On Sat, Nov 18, 2023 at 01:49:15PM -0800, Andres Freund wrote:
> Note that the LSN in the "continuing" case is the one the backup started at,
> not where recovery will start.
>
> I've wondered whether it's worth also adding an explicit message just after
> ReachedEndOfBackup(), but it seems far less urgent due to the existing
> "consistent recovery state reached at %X/%X" message.

Upgrading the surrounding DEBUG1 to a LOG is another option, but I
agree that I've seen less that as being an actual problem in the field
compared to the famous I-removed-a-backup-label-and-I-m-still-up,
until this user sees signs of corruption after recovery was finished,
sometimes days after putting back an instance online.

> Playing around with this a bit, I'm wondering if we instead should remove that
> message, and emit something more informative earlier on. If there's a problem,
> you kinda want the information before we finally get to the loop in
> PerformWalLRecovery().

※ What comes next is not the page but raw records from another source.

lemma subseq_if_unary_alphabet:
  assumes "\<And>x y. x \<in> A \<Longrightarrow> y \<in> A \<Longrightarrow> x = y"
    and "v \<in> lists A" and "w \<in> lists A" and "length v \<le> length w"
  shows "subseq v w"
proof -
  have "v = take (length v) w"
  proof (rule nth_equalityI)
    show "v ! i = take (length v) w ! i" if "i < length v" for i
      using assms that by (simp add: in_listsD)
  qed (use assms in simp)
  then show ?thesis
    by (metis prefix_imp_subseq take_is_prefix)
qed

lemma up_down_closure_unary_alphabet:
  assumes "finite A" and "card A < 2" and "u \<in> lists A"
  shows "up_closure A u \<union> down_closure u = lists A"
proof -
  have unary: "x = y" if "x \<in> A" "y \<in> A" for x y
  proof (rule ccontr)
    assume "x \<noteq> y"
    with that assms(1) have "card {x, y} \<le> card A"
      by (intro card_mono) auto
    with assms(2) \<open>x \<noteq> y\<close> show False by simp
  qed
  have "x \<in> up_closure A u \<union> down_closure u" if "x \<in> lists A" for x
    using subseq_if_unary_alphabet[OF unary assms(3) that]
      subseq_if_unary_alphabet[OF unary that assms(3)] that
    unfolding up_closure_def down_closure_def by (cases "length u \<le> length x") auto
  with down_closure_subset_lists[OF assms(3)] show ?thesis
    unfolding up_closure_def by auto
qed

lemma PT_height_eq_if_separated:
  assumes "n_PT A n L" and "v \<in> lists A" and "w \<in> lists A" and "v \<in> L"
    and "0 < n \<Longrightarrow> w \<notin> L" and "\<And>m. m < n \<Longrightarrow> simon_eq m v w"
  shows "PT_height A L = n"
proof (rule PT_height_eqI)
  show "\<not> n_PT A m L" if "m < n" for m
    using that assms by (intro not_n_PT_if_separated[of v A w m]) auto
qed (fact assms(1))

theorem proposition8:
  fixes A :: "'a set" and u :: "'a list"
  assumes "finite A" and "u \<in> lists A"
  shows "PT_height A (up_closure A u) = length u
    \<and> PT_height A (incomp_set A {u}) = PT_height A (up_closure A u \<union> down_closure u)
    \<and> PT_height A (up_closure A u \<union> down_closure u) = (if card A \<ge> 2 then length u else 0)"
proof -
  obtain w where w: "w \<in> lists A" "u \<noteq> [] \<Longrightarrow> \<not> subseq u w"
    "2 \<le> card A \<Longrightarrow> u \<noteq> [] \<Longrightarrow> \<not> subseq w u" "\<And>m. m < length u \<Longrightarrow> simon_eq m (w @ u) w"
    using obtain_separating_word[OF assms] by blast
  have wu: "w @ u \<in> lists A" "w @ u \<in> up_closure A u"
    using w(1) assms(2) unfolding up_closure_def by (auto simp: subseq_drop_many)
  have up: "PT_height A (up_closure A u) = length u"
    by (rule PT_height_eq_if_separated[where v = "w @ u" and w = w])
      (use n_PT_up_closure wu w in \<open>auto simp: up_closure_def\<close>)
  have up_down: "PT_height A (up_closure A u \<union> down_closure u) = (if card A \<ge> 2 then length u else 0)"
  proof (cases "2 \<le> card A")
    case True
    have "PT_height A (up_closure A u \<union> down_closure u) = length u"
      by (rule PT_height_eq_if_separated[where v = "w @ u" and w = w])
        (use n_PT_up_down_closure[OF assms(2)] wu w True in \<open>auto simp: up_closure_def down_closure_def\<close>)
    with True show ?thesis by simp
  next
    case False
    with assms show ?thesis
      by (simp add: up_down_closure_unary_alphabet PT_height_lists)
  qed
  have "PT_height A (incomp_set A {u}) = PT_height A (up_closure A u \<union> down_closure u)"
    unfolding incomp_set_singleton using down_closure_subset_lists[OF assms(2)]
    by (intro PT_height_complement) (auto simp: up_closure_def)
  with up up_down show ?thesis by blast
qed

end
lemma inverse_R_uminus_in_torus_deg0:
  assumes "0 \<le> m"
  shows "inverse (R (- m)) \<in> torus_deg0"
proof -
  have "prod_list (map Q xs) \<in> torus_deg0" for xs
    using torus_deg0_term[of 1 0] by (induction xs) (simp_all add: torus_deg0_mult Q_in_torus_deg0)
  then show ?thesis
    using assms by (simp add: R_nonpos)
qed

lemma torus_map_Y_torus_deg0:
  assumes "t \<in> torus_deg0"
  shows "torus_map Y t = t"
proof -
  obtain xs where xs: "Zring_terms xs" "\<forall>p\<in>set xs. snd p k = 0" "t = eval_terms M xs"
    using assms unfolding torus_deg0_def by blast
  have "eval_terms Y xs = eval_terms M xs"
    using xs(2) by (intro eval_terms_cong) (simp add: Y_degree_zero)
  then show ?thesis
    using xs by (simp add: torus_map_eval_terms)
qed

lemma graded_decomposition:
  assumes "Zring_terms xs" "finite A" "\<And>p. p \<in> set xs \<Longrightarrow> snd p k \<in> A"
  shows "\<exists>c. (\<forall>m. c m \<in> torus_deg0) \<and> eval_terms M xs = (\<Sum>m\<in>A. c m * M (ek m))"
  using assms(1,3)
proof (induction xs)
  case Nil
  show ?case
    using torus_deg0_zero by (intro exI[of _ "\<lambda>_. 0"]) simp
next
  case (Cons p xs)
  then obtain c where c: "\<forall>m. c m \<in> torus_deg0" "eval_terms M xs = (\<Sum>m\<in>A. c m * M (ek m))"
    by auto
  define m0 where "m0 = snd p k"
  define f where "f = snd p - ek m0"
  define a where "a = fst p * z powi (- \<Lambda> f (ek m0))"
  have "fst p \<in> Zring z"
    using Cons.prems(1) by simp
  then have t0: "\<iota> a * M f \<in> torus_deg0"
    by (intro torus_deg0_term) (simp_all add: a_def f_def m0_def Zring_mult Zring_powi)
  have "\<iota> a * M f * M (ek m0)
      = \<iota> (fst p) * (\<iota> (z powi (- \<Lambda> f (ek m0))) * \<iota> (z powi \<Lambda> f (ek m0))) * M (snd p)"
    using \<open>fst p \<in> Zring z\<close> Zring_powi Zring_subset_Qfield
    by (simp add: a_def f_def \<iota>_mult M_mult mult.assoc subset_iff)
  then have p_term: "\<iota> (fst p) * M (snd p) = \<iota> a * M f * M (ek m0)"
    by (simp add: \<iota>_powi_uminus)
  define c' where "c' m = c m + (if m = m0 then \<iota> a * M f else 0)" for m
  have "\<forall>m. c' m \<in> torus_deg0"
    using c(1) t0 torus_deg0_zero by (simp add: c'_def torus_deg0_add)
  moreover have "eval_terms M (p # xs) = (\<Sum>m\<in>A. c' m * M (ek m))"
    using c(2) p_term Cons.prems(2)[of p] assms(2)
    by (simp add: c'_def distrib_right sum.distrib m0_def if_distrib[of "\<lambda>x. x * _"] cong: if_cong)
  ultimately show ?case
    by blast
qed
(* Let $k$ be a field, $k[x]$ a polynomial ring in one variable, $n\ge1$, $u_i,v_i\in k^*$, and let $p_1(x),\dots,p_n(x)\in k[x]\setminus\{0\}$ all have the same set of prime factors. Let $a_1,\dots,a_n,b_1,\dots,b_n$ be positive integers with $\gcd(a_i,b_1\cdots b_i)=1$ for each $i$, and define $$B_n=k[x][z_0,\dots,z_{n+1}]/\big(p_i(x)z_{i+1}+u_iz_i^{a_i}+v_iz_{i-1}^{b_i}\big)_{1\le i\le n},$$ where $z_0,\dots,z_{n+1}$ are indeterminates. If $p_i(x)\notin k$ and $a_i,b_i\ge2$ for all $i$, then the minimum number of generators of $B_n$ as a $k$-algebra is $n+3$. *)

theory Defs
  imports "HOL-Library.Poly_Mapping" "HOL-Computational_Algebra.Polynomial_Factorial"
begin

type_synonym ('v, 'k) mpoly = "('v \<Rightarrow>\<^sub>0 nat) \<Rightarrow>\<^sub>0 'k"

definition mconst :: "'k::comm_ring_1 \<Rightarrow> ('v, 'k) mpoly" where
  "mconst c = Poly_Mapping.single 0 c"

definition mvar :: "'v \<Rightarrow> ('v, 'k::comm_ring_1) mpoly" where
  "mvar v = Poly_Mapping.single (Poly_Mapping.single v 1) 1"

datatype var = X | Z nat

definition poly_to_mpoly :: "'k::comm_ring_1 poly \<Rightarrow> (var, 'k) mpoly" where
  "poly_to_mpoly p = (\<Sum>i\<le>degree p. mconst (coeff p i) * mvar X ^ i)"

If e.g. there's no WAL you'll only get
> LOG: invalid checkpoint record
> PANIC: could not locate a valid checkpoint record

I was looking at this code a few weeks ago and have on my stack of
list to do an item about sending a patch to make this exact message
PANIC more talkative as there are a lot of instances with
log_min_messages > log.

> which is delightfully lacking in details.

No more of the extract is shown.